P1.T1.504. Corporate governance and risk management (Crouhy, Galai & Mark)

Nicole Seaman

Director of CFA & FRM Operations
Staff member
Subscriber
Learning outcomes: Compare and contrast best practices in corporate governance with those of risk management. Assess the role and responsibilities of the board of directors in risk governance. Evaluate the relationship between a firm’s risk appetite and its business strategy.

Questions:

504.1. According to Crouhy , "Following a series of failures and near-failures of large financial institutions between 2007 and 2009, boards professed ignorance of the risks that had been assumed in the pursuit of profit--and sometimes senior management offered the same excuse. In particular, the risk management function at many firms failed to attract the attention of senior management, or the boards, to the risk accumulated in structured financial products. One reason may have been a process of marginalization of the role of risk management in financial institutions during the boom years in the run-up to the crisis." Following the crisis, a debate therefore ensued about the role of corporate governance. About the key areas of debate, which of the following is the LEAST plausible?

a. Because banks have a uniquely complicated set of stakeholders, the usual solution of empowering shareholders (equity owners) may not be the complete governance solution
b. As the boards at all of the large failures during the crises lacked both banking expertise and expert insiders, there is a an obvious and high correlation between board composition (i.e., independence, banking expertise) and bank failure
c. Regulators have pushed banks to set out a formal board-approved risk appetite. This risk appetite can be translated into an enterprise-wise set of risk limits, but definition and translation of "risk appetite" remains a work-in-progress
d. One of the key levers of the board in determining bank behavior on risk is control over compensation schemes. Some banks have begun to institute reforms such as making bonuses a smaller part of the compensation page, including bonus clawbacks and deferred payments to capture longer-term risks.


504.2. Crouhy writes, "The board may be challenged by the complexity of the risk management process, but the principles at a strategic level are quite simple. There are only four basic choices in risk management." Each of the following of one of his four basic choices EXCEPT which is not?

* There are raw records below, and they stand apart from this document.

(* Let $a=0.19$, $b=0.5095$, $f^-(x)=x$, and $f^+(x)=0$ for $x<a$, $f^+(x)=\frac{(x-a)^2}{(b-a)^2}$ for $a\le x\le b$, $f^+(x)=1$ for $x>b$. Then for all $x,y,z\in[0,1]$, with $q=f^+(x)$, $ALG=y(1-z)+z(1-y)+(1-q)(1-z)+(1-q)(1-y)$ and $LP=x(1-yz)+(1-y)(1-qz)+(1-z)(1-qy)$, we have $2\,LP\ge ALG$; i.e., $2LP(uvw)\ge ALG(uvw)$ for all $(+,-,-)$-triangles.
   Context: For a triangle with one positive edge of length $x$ and two negative edges of lengths $y,z$, with cut probabilities $f^+(x)$, $f^-(y)$, $f^-(z)$, the per-triangle quantities of the pivot rounding algorithm are $ALG=f^-(y)(1-f^-(z))+f^-(z)(1-f^-(y))+(1-f^+(x))(1-f^-(z))+(1-f^+(x))(1-f^-(y))$ and $LP=x(1-f^-(y)f^-(z))+(1-y)(1-f^+(x)f^-(z))+(1-z)(1-f^+(x)f^-(y))$. *)

theory Defs
  imports Complex_Main
begin

definition pa :: real where "pa = 0.19"
definition pb :: real where "pb = 0.5095"

definition f_minus :: "real \<Rightarrow> real" where "f_minus x = x"

definition f_plus :: "real \<Rightarrow> real" where
  "f_plus x = (if x < pa then 0 else if x \<le> pb then (x - pa)^2 / (pb - pa)^2 else 1)"

text \<open>Per-triangle quantities for a (+,-,-) triangle with positive edge length x and
  negative edge lengths y, z, given cut probability functions fp and fm.\<close>
definition ALG :: "(real \<Rightarrow> real) \<Rightarrow> (real \<Rightarrow> real) \<Rightarrow> real \<Rightarrow> real \<Rightarrow> real \<Rightarrow> real" where
  "ALG fp fm x y z = fm y * (1 - fm z) + fm z * (1 - fm y)
     + (1 - fp x) * (1 - fm z) + (1 - fp x) * (1 - fm y)"

definition LP :: "(real \<Rightarrow> real) \<Rightarrow> (real \<Rightarrow> real) \<Rightarrow> real \<Rightarrow> real \<Rightarrow> real \<Rightarrow> real" where
  "LP fp fm x y z = x * (1 - fm y * fm z) + (1 - y) * (1 - fp x * fm z)
     + (1 - z) * (1 - fp x * fm y)"

end

theory Submission
  imports Defs
begin

text \<open>With \<open>q = f\<^sup>+(x)\<close>, \<open>u = 1 - y\<close>, \<open>v = 1 - z\<close> the gap \<open>2 LP - ALG\<close> equals
  \<open>(u + v)(2x - q) + uv(2 - 2x + 4q)\<close>, so the inequality holds as soon as
  \<open>0 \<le> q \<le> 2x\<close>. For the quadratic rounding function this bound is the choice of
  \<open>a, b\<close>: on \<open>[a, b]\<close> we have \<open>f\<^sup>+(x) \<le> (x - a)/(b - a) \<le> 2x\<close>, the last step
  because \<open>b \<le> a / (1 - 2(b - a))\<close>.\<close>

lemma two_LP_minus_ALG_eq:
  "2 * LP fp f_minus x y z - ALG fp f_minus x y z
     = ((1 - y) + (1 - z)) * (2 * x - fp x) + (1 - y) * (1 - z) * (2 - 2 * x + 4 * fp x)"
  unfolding LP_def ALG_def f_minus_def by (simp add: algebra_simps)

lemma ALG_le_two_LP:
  assumes "0 \<le> fp x" "fp x \<le> 2 * x" "x \<le> 1" "y \<le> 1" "z \<le> 1"
  shows "ALG fp f_minus x y z \<le> 2 * LP fp f_minus x y z"
proof -
  have "0 \<le> ((1 - y) + (1 - z)) * (2 * x - fp x)"
    using assms by simp
  moreover have "0 \<le> (1 - y) * (1 - z) * (2 - 2 * x + 4 * fp x)"
    using assms by simp
  ultimately show ?thesis
    using two_LP_minus_ALG_eq[of fp x y z] by linarith
qed

lemma f_plus_nonneg: "0 \<le> f_plus x"
  by (simp add: f_plus_def)

lemma f_plus_le_double:
  assumes "0 \<le> x"
  shows "f_plus x \<le> 2 * x"
proof -
  consider "x < pa" | "pa \<le> x" "x \<le> pb" | "pb < x" by linarith
  then show ?thesis
  proof cases
    case 1
    then show ?thesis using assms by (simp add: f_plus_def)
  next
    case 2
    define t where "t = (x - pa) / (pb - pa)"
    have gap: "0 < pb - pa" by (simp add: pa_def pb_def)
    have t: "0 \<le> t" "t \<le> 1"
      using 2 gap by (simp_all add: t_def)
    have "f_plus x = t\<^sup>2"
      using 2 by (simp add: f_plus_def t_def power_divide)
    also have "\<dots> \<le> t"
      using t by (simp add: power2_eq_square mult_left_le)
    also have "\<dots> \<le> 2 * x"
      using 2 gap by (simp add: t_def divide_le_eq pa_def pb_def)
    finally show ?thesis .
  next
    case 3
    then show ?thesis by (simp add: f_plus_def pa_def pb_def)
  qed
qed

theorem corollary2:
  fixes x y z :: real
  assumes "x \<in> {0..1}" and "y \<in> {0..1}" and "z \<in> {0..1}"
  shows "2 * LP f_plus f_minus x y z \<ge> ALG f_plus f_minus x y z"
  using assms by (simp add: ALG_le_two_LP f_plus_nonneg f_plus_le_double)

end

a. Avoid risk by choosing not to undertake some activities.
b. Transfer risk to third parties through insurance, hedging, and outsourcing.
c. Mitigate (reduce) risk; e.g., mitigate operational risk through preventive and detective control measures.
d. Reclassify (redefine) risk; e.g., exclude liquidity risk from the definition of financial risk, prioritize accounting performance


504.3. Among the choices, which question probably serves as the best gauge of whether a company takes its risk process seriously?

a. What is the quality and quantity of slogans published because communication is the key?
b. Does the board have a separate Audit committee and is the Audit chairperson a Certified FRM?
c. How is human capital employed; e.g., career paths for risk managers, reporting structure, compensation?
d. Does the board undertake risk management on a day-to-day basis?